Through the sword of air – Hacking Bluetooth 4.0 BLE Protocol

Jin Yang , Senior Security Researcher , ThreatBook

Bluetooth Low Energy (BLE) protocol has become the most commonly used short-range wireless communication technology for IOT devices and smart hardwares, people are paying more and more attention to its security. It is estimated that there are 8 billion devices using the BLE protocol in the worldwide, which include our most commonly used smart phones, cars, smart watches, smart home appliances, industrial control devices, medical devices and so on. This number is still increasing day by day.

Just when I wrote this abstract, the “BlueBorne” security issue was disclosed. It is not one vulnerability, but eight Bluetooth vulnerabilities, four of them are in high dangerous level. This is showing that BlueBorne is very powerful, and it can attack Apple IOS, Android, Windows and Linux.

The “BlueBorne” issue: https://www.armis.com/blueborne/

The usual attacks are aimed to attacking the personal computers and servers, and if combined with the BLE protocol attack means, its can attack the nearby BLE devices through the Bluetooth chips of captured hosts’. BLE agreement is a perfect air bridge!

If there are no such BlueBorne vulnerabilities, are those devices which use BLE protocol safe? The answer is no. My topic will exemplify how to attack BLE devices even there is no vulnerability.

The first part is the introduction of the foundation of the basic BLE protocol, which includes BLE protocol stack, the frequency hopping communication technology used within BLE protocol, the broadcast mode and the data communication mode.

The second part is the analysis of the frequency hopping in broadcast mode and the data communication mode, and some very important broadcast mode data packets. In this part there is also the presentation of a complete connection and communication process under BLE protocol as well.

The third part is the methods of using phones or special Bluetooth chips to find BLE devices nearby.

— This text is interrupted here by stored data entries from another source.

(* Let $n\ge 2$ and $m\in\mathbb{N}$. Let $$\mathrm{dom}(\mathcal{L})=\Big\{(d,b)\in\mathbb{R}^m\times\mathbb{R}^m:\ d_j>0,\ b_j>0,\ \sum_{j=1}^m b_j<1,\ \sigma_1<\sigma_2<\dots<\sigma_m\Big\},$$ where $\sigma_j=\kappa d_j^{n-2}/(4b_j)$ if $n>2$ and $\sigma_j=\pi d_j/(2b_j)$ if $n=2$, and let $\mathcal{L}(d,b)=(\sigma,\mu)$ with $\sigma=(\sigma_1,\dots,\sigma_m)$ and $\mu=(\mu_1,\dots,\mu_m)$, where $\mu_1<\dots<\mu_m$ are the roots of $$1+\sum_{j=1}^m\frac{\sigma_j b_j}{(1-\sum_{i=1}^m b_i)(\sigma_j-\lambda)}=0.$$ Then $\mathcal{L}$ is a bijection of $\mathrm{dom}(\mathcal{L})$ onto $$\mathcal{G}=\{(\sigma,\mu)\in\mathbb{R}^m\times\mathbb{R}^m:\ \sigma_j<\mu_j<\sigma_{j+1}\ (j=1,\dots,m-1),\ \sigma_m<\mu_m<\infty\}$$ (where also $\sigma_1>0$ for elements of the image), and the inverse is given by $$b_j=\frac{\rho_j}{1+\sum_{i=1}^m\rho_i},\qquad d_j=\begin{cases}\Big(\dfrac{4\sigma_j\rho_j}{\kappa(1+\sum_{i=1}^m\rho_i)}\Big)^{1/(n-2)},&n>2,\\[2mm] \dfrac{2\sigma_j\rho_j}{\pi(1+\sum_{i=1}^m\rho_i)},&n=2,\end{cases}$$ where $$\rho_j=\frac{\mu_j-\sigma_j}{\sigma_j}\prod_{i\in\{1,\dots,m\},\,i\ne j}\frac{\mu_i-\sigma_j}{\sigma_i-\sigma_j}.$$
   Context: For $n>2$, $\kappa$ is the capacity of the disc $T=\{x\in\mathbb{R}^n:|x|<1,\ x_n=0\}$: $\kappa=\inf\int_{\mathbb{R}^n}|\nabla w|^2dx$ over smooth compactly supported $w$ with $w=1$ on $T$. When $0<\sigma_1<\dots<\sigma_m$ and $b_j>0$, $\sum b_j<1$, the displayed equation in $\lambda$ has exactly $m$ roots, all real, interlacing as $\sigma_j<\mu_j<\sigma_{j+1}$, $\sigma_m<\mu_m$. *)

theory Defs
  imports "HOL-Analysis.Analysis"
begin

definition partial_deriv :: "'n::finite \<Rightarrow> (real^'n \<Rightarrow> real) \<Rightarrow> real^'n \<Rightarrow> real" where
  "partial_deriv i f x = deriv (\<lambda>t. f (x + t *\<^sub>R axis i 1)) 0"

fun iter_partial :: "'n::finite list \<Rightarrow> (real^'n \<Rightarrow> real) \<Rightarrow> real^'n \<Rightarrow> real" where
  "iter_partial [] f = f"
| "iter_partial (i # is) f = partial_deriv i (iter_partial is f)"

definition smooth_fun :: "(real^'n::finite \<Rightarrow> real) \<Rightarrow> bool" where
  "smooth_fun f \<longleftrightarrow> (\<forall>is. continuous_on UNIV (iter_partial is f) \<and>
      (\<forall>i x. (\<lambda>t. iter_partial is f (x + t *\<^sub>R axis i 1)) differentiable (at 0)))"

definition compact_support :: "(real^'n::finite \<Rightarrow> real) \<Rightarrow> bool" where
  "compact_support f \<longleftrightarrow> compact (closure {x. f x \<noteq> 0})"

text \<open>The disc T = {x : |x| < 1, x_n = 0}; the distinguished last coordinate is
  represented by a fixed (arbitrary) index of the finite index type.\<close>
definition flat_disc :: "'n::finite itself \<Rightarrow> (real^'n) set" where
  "flat_disc _ = {x :: real^'n. norm x < 1 \<and> x $ (undefined :: 'n) = 0}"

definition disc_capacity :: "'n::finite itself \<Rightarrow> real" where
  "disc_capacity T = Inf {integral UNIV (\<lambda>x. \<Sum>i\<in>UNIV. (partial_deriv i w x)^2) | w :: real^'n \<Rightarrow> real.
       smooth_fun w \<and> compact_support w \<and> (\<forall>x \<in> flat_disc T. w x = 1)}"

section \<open>The map L (vectors in R^m as lists of length m, 0-based indices)\<close>

definition sigma_val :: "nat \<Rightarrow> real \<Rightarrow> real \<Rightarrow> real \<Rightarrow> real" where
  "sigma_val n \<kappa> d b = (if n > 2 then \<kappa> * d ^ (n - 2) / (4 * b) else pi * d / (2 * b))"

definition sigma_list :: "nat \<Rightarrow> real \<Rightarrow> real list \<Rightarrow> real list \<Rightarrow> real list" where
  "sigma_list n \<kappa> ds bs = map2 (sigma_val n \<kappa>) ds bs"

definition secular :: "real list \<Rightarrow> real list \<Rightarrow> real \<Rightarrow> real" where
  "secular \<sigma> bs lam = 1 + (\<Sum>j<length \<sigma>. \<sigma> ! j * bs ! j / ((1 - sum_list bs) * (\<sigma> ! j - lam)))"

definition mu_list :: "real list \<Rightarrow> real list \<Rightarrow> real list" where
  "mu_list \<sigma> bs = sorted_list_of_set {lam. lam \<notin> set \<sigma> \<and> secular \<sigma> bs lam = 0}"

definition Lmap :: "nat \<Rightarrow> real \<Rightarrow> real list \<times> real list \<Rightarrow> real list \<times> real list" where
  "Lmap n \<kappa> p = (let \<sigma> = sigma_list n \<kappa> (fst p) (snd p) in (\<sigma>, mu_list \<sigma> (snd p)))"

definition domL :: "nat \<Rightarrow> real \<Rightarrow> nat \<Rightarrow> (real list \<times> real list) set" where
  "domL n \<kappa> m = {(ds, bs). length ds = m \<and> length bs = m \<and>
      (\<forall>j<m. 0 < ds ! j \<and> 0 < bs ! j) \<and> sum_list bs < 1 \<and>
      sorted_wrt (<) (sigma_list n \<kappa> ds bs)}"

definition Gset :: "nat \<Rightarrow> (real list \<times> real list) set" where
  "Gset m = {(\<sigma>, \<mu>). length \<sigma> = m \<and> length \<mu> = m \<and>
      (\<forall>j. j + 1 < m \<longrightarrow> \<sigma> ! j < \<mu> ! j \<and> \<mu> ! j < \<sigma> ! (j + 1)) \<and>
      (0 < m \<longrightarrow> \<sigma> ! (m - 1) < \<mu> ! (m - 1) \<and> 0 < \<sigma> ! 0)}"

definition rho :: "real list \<Rightarrow> real list \<Rightarrow> nat \<Rightarrow> real" where
  "rho \<sigma> \<mu> j = (\<mu> ! j - \<sigma> ! j) / \<sigma> ! j *
      (\<Prod>i\<in>{0..<length \<sigma>} - {j}. (\<mu> ! i - \<sigma> ! j) / (\<sigma> ! i - \<sigma> ! j))"

definition Linv :: "nat \<Rightarrow> real \<Rightarrow> real list \<times> real list \<Rightarrow> real list \<times> real list" where
  "Linv n \<kappa> p = (let \<sigma> = fst p; \<mu> = snd p; m = length \<sigma>;
      S = 1 + (\<Sum>i<m. rho \<sigma> \<mu> i) in
     (map (\<lambda>j. if n > 2 then (4 * \<sigma> ! j * rho \<sigma> \<mu> j / (\<kappa> * S)) powr (1 / real (n - 2))
               else 2 * \<sigma> ! j * rho \<sigma> \<mu> j / (pi * S)) [0..<m],
      map (\<lambda>j. rho \<sigma> \<mu> j / S) [0..<m]))"

end

theory Submission
  imports Defs "HOL-Computational_Algebra.Polynomial"
begin

text \<open>Put \<open>c\<^sub>j = b\<^sub>j / (1 - \<Sum>b\<^sub>i)\<close>. Clearing denominators turns the secular equation into
  a polynomial of degree \<open>m\<close> with leading coefficient \<open>(-1)\<^sup>m\<close> whose value at \<open>\<sigma>\<^sub>k\<close> is
  \<open>\<sigma>\<^sub>k c\<^sub>k \<Prod>\<^sub>i\<^sub>\<noteq>\<^sub>k (\<sigma>\<^sub>i - \<sigma>\<^sub>k)\<close>. These values alternate in sign, so there is a root in every gap
  \<open>(\<sigma>\<^sub>k, \<sigma>\<^sub>k\<^sub>+\<^sub>1)\<close> and one beyond \<open>\<sigma>\<^sub>m\<close>; hence the polynomial is \<open>\<Prod>(\<mu>\<^sub>i - \<lambda>)\<close>, and
  evaluating this product at \<open>\<sigma>\<^sub>k\<close> recovers \<open>c\<^sub>k = \<rho>\<^sub>k\<close>. Normalising the \<open>c\<^sub>j\<close> gives back
  the \<open>b\<^sub>j\<close>, and \<open>\<sigma>\<^sub>j\<close>, \<open>b\<^sub>j\<close> determine \<open>d\<^sub>j\<close>.

  For \<open>n > 2\<close> this needs \<open>\<kappa> > 0\<close>. An admissible \<open>w\<close> equals \<open>1\<close> on the disc, so by the
  fundamental theorem of calculus along the normal direction, \<open>|w|\<close> and \<open>|\<nabla>w|\<close> cannot both be
  small near the disc; the Hardy inequality \<open>\<integral> w\<^sup>2 / (1 + |x|\<^sup>2) \<le> 4 \<integral> |\<nabla>w|\<^sup>2\<close> (valid for
  \<open>n \<ge> 3\<close>) then bounds the energy of \<open>w\<close> from below by a positive constant.\<close>

section \<open>The secular polynomial and its interlacing roots\<close>

definition nodes_poly :: "(nat \<Rightarrow> real) \<Rightarrow> nat set \<Rightarrow> real poly" where
  "nodes_poly s A = (\<Prod>i\<in>A. [:s i, -1:])"

definition secular_poly :: "(nat \<Rightarrow> real) \<Rightarrow> (nat \<Rightarrow> real) \<Rightarrow> nat \<Rightarrow> real poly" where
  "secular_poly s c m =
     nodes_poly s {..<m} + (\<Sum>j<m. smult (s j * c j) (nodes_poly s ({..<m} - {j})))"

definition interlacing :: "nat \<Rightarrow> (nat \<Rightarrow> real) \<Rightarrow> (nat \<Rightarrow> real) \<Rightarrow> bool" where
  "interlacing m s \<mu> \<longleftrightarrow> (\<forall>k<m. s k < \<mu> k) \<and> (\<forall>k. k + 1 < m \<longrightarrow> \<mu> k < s (k + 1))"

lemma poly_nodes_poly [simp]: "poly (nodes_poly s A) x = (\<Prod>i\<in>A. s i - x)"
  by (simp add: nodes_poly_def poly_prod)

lemma degree_nodes_poly: "finite A \<Longrightarrow> degree (nodes_poly s A) = card A"
  unfolding nodes_poly_def by (subst degree_prod_sum_eq) auto

lemma coeff_nodes_poly_card: "finite A \<Longrightarrow> coeff (nodes_poly s A) (card A) = (-1) ^ card A"
  using lead_coeff_prod[of "\<lambda>i. [:s i, -1:]" A] degree_nodes_poly[of A s]
  by (simp add: nodes_poly_def)

lemma degree_secular_poly_le: "degree (secular_poly s c m) \<le> m"
  unfolding secular_poly_def
  by (intro degree_add_le degree_sum_le)
     (auto intro: order.trans[OF degree_smult_le] simp: degree_nodes_poly)

lemma coeff_secular_poly: "coeff (secular_poly s c m) m = (-1) ^ m"
proof -
  have "coeff (nodes_poly s ({..<m} - {j})) m = 0" if "j < m" for j
    using that by (intro coeff_eq_0) (simp add: degree_nodes_poly)
  then show ?thesis
    using coeff_nodes_poly_card[of "{..<m}" s] by (simp add: secular_poly_def coeff_sum)
qed

lemma poly_secular_poly:
  "poly (secular_poly s c m) x =
     (\<Prod>i<m. s i - x) + (\<Sum>j<m. s j * c j * (\<Prod>i\<in>{..<m}-{j}. s i - x))"
  by (simp add: secular_poly_def poly_sum)

lemma poly_secular_poly_node:
  assumes "k < m" "inj_on s {..<m}"
  shows "poly (secular_poly s c m) (s k) = s k * c k * (\<Prod>i\<in>{..<m}-{k}. s i - s k)"
proof -
  have "(\<Prod>i\<in>{..<m}-{j}. s i - s k) = 0" if "j \<in> {..<m} - {k}" for j
    using that assms(1) by (intro prod_zero) auto
  then have "(\<Sum>j<m. s j * c j * (\<Prod>i\<in>{..<m}-{j}. s i - s k))
      = s k * c k * (\<Prod>i\<in>{..<m}-{k}. s i - s k)"
    using assms(1) by (subst sum.remove[of _ k]) (auto intro!: sum.neutral)
  moreover have "(\<Prod>i<m. s i - s k) = 0"
    using assms(1) by (intro prod_zero) auto
  ultimately show ?thesis by (simp add: poly_secular_poly)
qed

The last part is the explanation of the three attacking ways of BLE protocol, and how to use some special equipment to attack. In these attacks we can get the communication data between the devices, Thus, we can disguise as a trusted terminal to connect the BLE devices.

Jin Yang

Jin Yang has working in network security industry for over 10 years. He started to work at the Threatbook in 2015, and had worked for Microsoft, COMODO, Qihoo 360. He forces on the Threat Intelligence, Sandbox for virus automated analysis, IoT Security and Rootkits. Jin has presented at XCon 2011/2012, AVAR 2016 and KCon 2017.